Mathematics Subject Classifications:

1. Introduction

In the past few decades, the research on controller designing for nonlinear systems speedy developed neural networks and fuzzy approximation characteristics [Citation1–4]. The incipient control strategies facilitate the control objectives for nonlinear systems are realized in a infinite time, which means that the stability of systems fails to be guaranteed in a finite time. However, in practical problems, it is imperative to achieve superior control performance in a finite time.

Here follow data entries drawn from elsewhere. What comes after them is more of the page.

(* Let $0<R_{\min}<R_{\max}$, $0<\varepsilon<1$, fix a center $c$, and define $r_i=R_{\min}(1+\frac{e\varepsilon}{4})^i$ for $i=0,1,\dots,s$, where $s$ is the least integer with $r_s\ge R_{\max}$. Then $s\le\lceil\frac{8}{e\varepsilon}\log\frac{R_{\max}}{R_{\min}}\rceil$, and for every $r\in[R_{\min},R_{\max}]$ there is an index $i$ with $|\Phi(K_{c,r_i})-\Phi(K_{c,r})|\le\varepsilon$; in particular $s=O(\frac1\varepsilon\log\frac{R_{\max}}{R_{\min}})$ bandwidths suffice.
   Context: $B\subset\mathbb{R}^d$ finite nonempty, $m:B\to\{0,1\}$, $M=\{x\in B:m(x)=1\}$. $K_{c,r}(x)=\exp(-\|x-c\|^2/r^2)$. For $p,q\in[0,1]$ and $K:B\to[0,1]$: $g(x)=pK(x)+q(1-K(x))$, $\ell(p,q,K)=\frac{1}{|B|}\big(\sum_{x\in M}\log g(x)+\sum_{x\in B\setminus M}\log(1-g(x))\big)$, $\ell_0(q)=\frac1{|B|}(|M|\log q+|B\setminus M|\log(1-q))$, $\Phi(K)=\max_{p,q\in[0,1]}\ell(p,q,K)-\max_q\ell_0(q)$. Standing assumption: for each bandwidth the maximizer $(p^*,q^* )$ is interior to $(0,1)^2$ with finite value. *)

theory Defs
  imports "HOL-Analysis.Analysis"
begin

definition gauss_kernel :: "'a::euclidean_space \<Rightarrow> real \<Rightarrow> 'a \<Rightarrow> real" where
  "gauss_kernel c r x = exp (- ((norm (x - c)) ^ 2) / (r ^ 2))"

definition marked :: "'a set \<Rightarrow> ('a \<Rightarrow> nat) \<Rightarrow> 'a set" where
  "marked B m = {x \<in> B. m x = 1}"

definition gmix :: "real \<Rightarrow> real \<Rightarrow> ('a \<Rightarrow> real) \<Rightarrow> 'a \<Rightarrow> real" where
  "gmix p q K x = p * K x + q * (1 - K x)"

definition loglik :: "'a set \<Rightarrow> ('a \<Rightarrow> nat) \<Rightarrow> real \<Rightarrow> real \<Rightarrow> ('a \<Rightarrow> real) \<Rightarrow> real" where
  "loglik B m p q K =
     (1 / real (card B)) *
     ((\<Sum>x\<in>marked B m. ln (gmix p q K x)) + (\<Sum>x\<in>B - marked B m. ln (1 - gmix p q K x)))"

definition loglik0 :: "'a set \<Rightarrow> ('a \<Rightarrow> nat) \<Rightarrow> real \<Rightarrow> real" where
  "loglik0 B m q =
     (1 / real (card B)) *
     (real (card (marked B m)) * ln q + real (card (B - marked B m)) * ln (1 - q))"

text \<open>The maxima over the closed squares are taken as suprema over the open squares
  (Isabelle's ln 0 = 0 would otherwise distort boundary values; mathematically,
  with log 0 = -infinity, the sup over the open square equals the max over the closed one).\<close>
definition Phi :: "'a set \<Rightarrow> ('a \<Rightarrow> nat) \<Rightarrow> ('a \<Rightarrow> real) \<Rightarrow> real" where
  "Phi B m K =
     (SUP pq \<in> {0<..<1::real} \<times> {0<..<1::real}. loglik B m (fst pq) (snd pq) K)
     - (SUP q \<in> {0<..<1::real}. loglik0 B m q)"

end

theory Submission
  imports Defs
begin

text \<open>Each log-likelihood term has the form ln (a + b exp (-D / r^2)) with a > 0 and a + b > 0.
  Its derivative in r is at least -2/r, so for fixed (p, q) enlarging the bandwidth from t to s
  lowers the likelihood by at most 2 ln (s / t) \<le> s^2/t^2 - 1. Conversely, at a maximiser for
  bandwidth s the first-order condition in q balances the marked against the unmarked points, which
  bounds the total derivative on [t, s] by 2 s^2 / r^3 and hence the loss when shrinking the
  bandwidth from s to t by s^2/t^2 - 1. Comparing the two maximisers gives
  |Phi(K_t) - Phi(K_s)| \<le> s^2/t^2 - 1.
  Consecutive radii of the geometric grid have squared ratio 1 + e \<epsilon>/4 \<le> 1 + \<epsilon>, so every
  r in [Rmin, Rmax] has a grid radius within this squared ratio, and since ln (1 + a) \<ge> a/2 the
  grid passes Rmax after at most \<lceil>2/a ln (Rmax/Rmin)\<rceil> steps.\<close>

lemma mult_exp_neg_le: "0 \<le> (u::real) \<Longrightarrow> u * exp (- u) \<le> 1 - exp (- u)"
proof -
  assume "0 \<le> u"
  have "(1 + u) * exp (- u) \<le> exp u * exp (- u)"
    by (intro mult_right_mono exp_ge_add_one_self) auto
  then show ?thesis
    by (simp add: algebra_simps exp_minus)
qed

lemma convex_comb_pos:
  fixes a b k :: real
  assumes "0 < a" "0 < a + b" "0 \<le> k" "k \<le> 1"
  shows "0 < a + b * k"
proof -
  have "a + b * k = a * (1 - k) + (a + b) * k"
    by (simp add: algebra_simps)
  moreover have "0 < a * (1 - k) + (a + b) * k"
    using assms by (cases "k = 0") (auto intro: add_nonneg_pos)
  ultimately show ?thesis
    by simp
qed

lemma divide_linear_mono:
  fixes a b k k' :: real
  assumes "0 < a" "0 \<le> b" "0 \<le> k" "k \<le> k'"
  shows "k / (a + b * k) \<le> k' / (a + b * k')"
proof -
  have "0 < a + b * k" "0 < a + b * k'"
    using assms by (auto intro: add_pos_nonneg)
  moreover have "k * (a + b * k') \<le> k' * (a + b * k)"
    using assms by (simp add: algebra_simps mult_left_mono)
  ultimately show ?thesis
    by (simp add: divide_simps)
qed

context
  fixes a b D :: real
  assumes a_pos: "0 < a" and ab_pos: "0 < a + b" and D_nonneg: "0 \<le> D"
begin

lemma mix_exp_pos: "0 < a + b * exp (- D / r^2)"
  using D_nonneg by (intro convex_comb_pos a_pos ab_pos) (auto simp: divide_nonneg_nonneg)

lemma has_real_derivative_ln_mix_exp:
  assumes "r \<noteq> 0"
  shows "((\<lambda>r. ln (a + b * exp (- D / r^2))) has_real_derivative
           b * exp (- D / r^2) * (2 * D / r^3) / (a + b * exp (- D / r^2))) (at r)"
  using assms mix_exp_pos[of r]
  by (auto intro!: derivative_eq_intros simp: field_simps power2_eq_square power3_eq_cube)

lemma deriv_ln_mix_exp_ge:
  assumes "0 < r"
  shows "- 2 / r \<le> b * exp (- D / r^2) * (2 * D / r^3) / (a + b * exp (- D / r^2))"
proof -
  define k where "k = exp (- D / r^2)"
  define u where "u = D / r^2"
  have k: "k = exp (- u)" and u: "0 \<le> u"
    using D_nonneg by (simp_all add: k_def u_def)
  have pos: "0 < a + b * k"
    unfolding k_def by (rule mix_exp_pos)
  \<comment> \<open>For b < 0 this uses u e^(-u) \<le> 1 - e^(-u) and a > -b.\<close>
  have "- (a + b * k) \<le> b * k * u"
  proof (cases "0 \<le> b")
    case True
    then have "0 \<le> b * k * u"
      using u by (simp add: k)
    then show ?thesis
      using pos by linarith
  next
    case False
    have "- b * (k * u) \<le> - b * (1 - k)"
      using False mult_exp_neg_le[OF u] by (intro mult_left_mono) (auto simp: k mult.commute)
    then show ?thesis
      using ab_pos by (simp add: algebra_simps)
  qed
  then have "- 1 \<le> b * k * u / (a + b * k)"
    using pos by (simp add: field_simps)
  then have "2 / r * - 1 \<le> 2 / r * (b * k * u / (a + b * k))"
    using assms by (intro mult_left_mono) auto
  also have "\<dots> = b * k * (2 * D / r^3) / (a + b * k)"
    using assms by (simp add: u_def field_simps power3_eq_cube power2_eq_square)
  finally show ?thesis
    by (simp add: k_def)
qed

lemma deriv_ln_mix_exp_le:
  assumes "0 \<le> b" "0 < r" "r \<le> s"
  shows "b * exp (- D / r^2) * (2 * D / r^3) / (a + b * exp (- D / r^2))
           \<le> 2 * s^2 / r^3 * (b * (1 - exp (- D / s^2)) / (a + b * exp (- D / s^2)))"
proof -
  define kr where "kr = exp (- D / r^2)"
  define ks where "ks = exp (- D / s^2)"
  define u where "u = D / s^2"
  have u: "0 \<le> u" "ks = exp (- u)"
    using D_nonneg by (simp_all add: u_def ks_def)
  have ks_pos: "0 < a + b * ks"
    unfolding ks_def by (rule mix_exp_pos)
  have "D / s^2 \<le> D / r^2"
    using assms D_nonneg by (intro divide_left_mono power_mono mult_pos_pos) auto
  then have "kr \<le> ks"
    by (simp add: kr_def ks_def)
  have "b * kr * (2 * D / r^3) / (a + b * kr) = 2 * s^2 / r^3 * (b * u * (kr / (a + b * kr)))"
    using assms by (simp add: u_def)
  \<comment> \<open>The kernel grows with the bandwidth, so the ratio k / (a + b k) is largest at r = s.\<close>
  also have "\<dots> \<le> 2 * s^2 / r^3 * (b * u * (ks / (a + b * ks)))"
    using assms u \<open>kr \<le> ks\<close> a_pos
    by (intro mult_left_mono divide_linear_mono) (auto simp: kr_def)
  also have "\<dots> \<le> 2 * s^2 / r^3 * (b * (1 - ks) / (a + b * ks))"
  proof -
    have "b * (u * ks) \<le> b * (1 - ks)"
      using mult_exp_neg_le[OF u(1)] u(2) assms(1) by (intro mult_left_mono) auto
    then have "b * u * (ks / (a + b * ks)) \<le> b * (1 - ks) / (a + b * ks)"
      using ks_pos by (simp add: divide_right_mono)
    then show ?thesis
      using assms by (intro mult_left_mono) auto
  qed
  finally show ?thesis
    by (simp add: kr_def ks_def)
qed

Dissimilar to asymptotic stability, finite-time stability converges fast without the requirement of long-term transient response, so it is widely concerned and applied to practical systems such as aircraft flight systems [Citation5], cart-pole systems [Citation6], teleoperation systems [Citation7] and so on. Bhat and Bernstein [Citation8] explained finite-time stability based on Lyapunov theory and constructed feedback controller for nonlinear systems to achieve finite-time stability. Qiu et al. [Citation9] established a fuzzy finite-time controller for nonlinear systems and realized the tracking error is limited to a bounded set. Li et al. [Citation10] studied the problem of finite-time containment control involving unmeasurable states for nonlinear multiagent systems with input delay. Zhang et al. [Citation11] designed an adaptive fuzzy control strategy based on finite-time stability criterion for nonlinear systems with unavailable states, in which all states are confined to restricted sets. Meng et al. [Citation12] developed a finite-time quantized controller for dealing with the nonlinear systems contingent on unknown control directions, which constructed state and disturbance observers simultaneously. Sui et al. [Citation13] constructed an event-trigger adaptive finite control scheme by combining backstepping and varying threshold condition for stochastic nonlinear systems with unmodelled dynamics. Saravanakumar et al. [Citation14] first investigated the finite-time stability problem. The authors in [Citation15–17] studied the issue of finite-time control for nonlinear systems in accordance with full-state constraints. Nguyen et al. [Citation18] introduced a fuzzy control strategy for parallel manipulators to guarantee that the error of tracking converges fast in a finite time. Wang et al. [Citation19] constructed a finite-time control algorithm for stochastic nonlinear systems with actuator faults. Nevertheless, the above literature take the finite time into account and the designed control strategies ensure that the control objective can be achieved within the finite time. However, these literature do not involve the optimal control to deal with the problem of resource consumption.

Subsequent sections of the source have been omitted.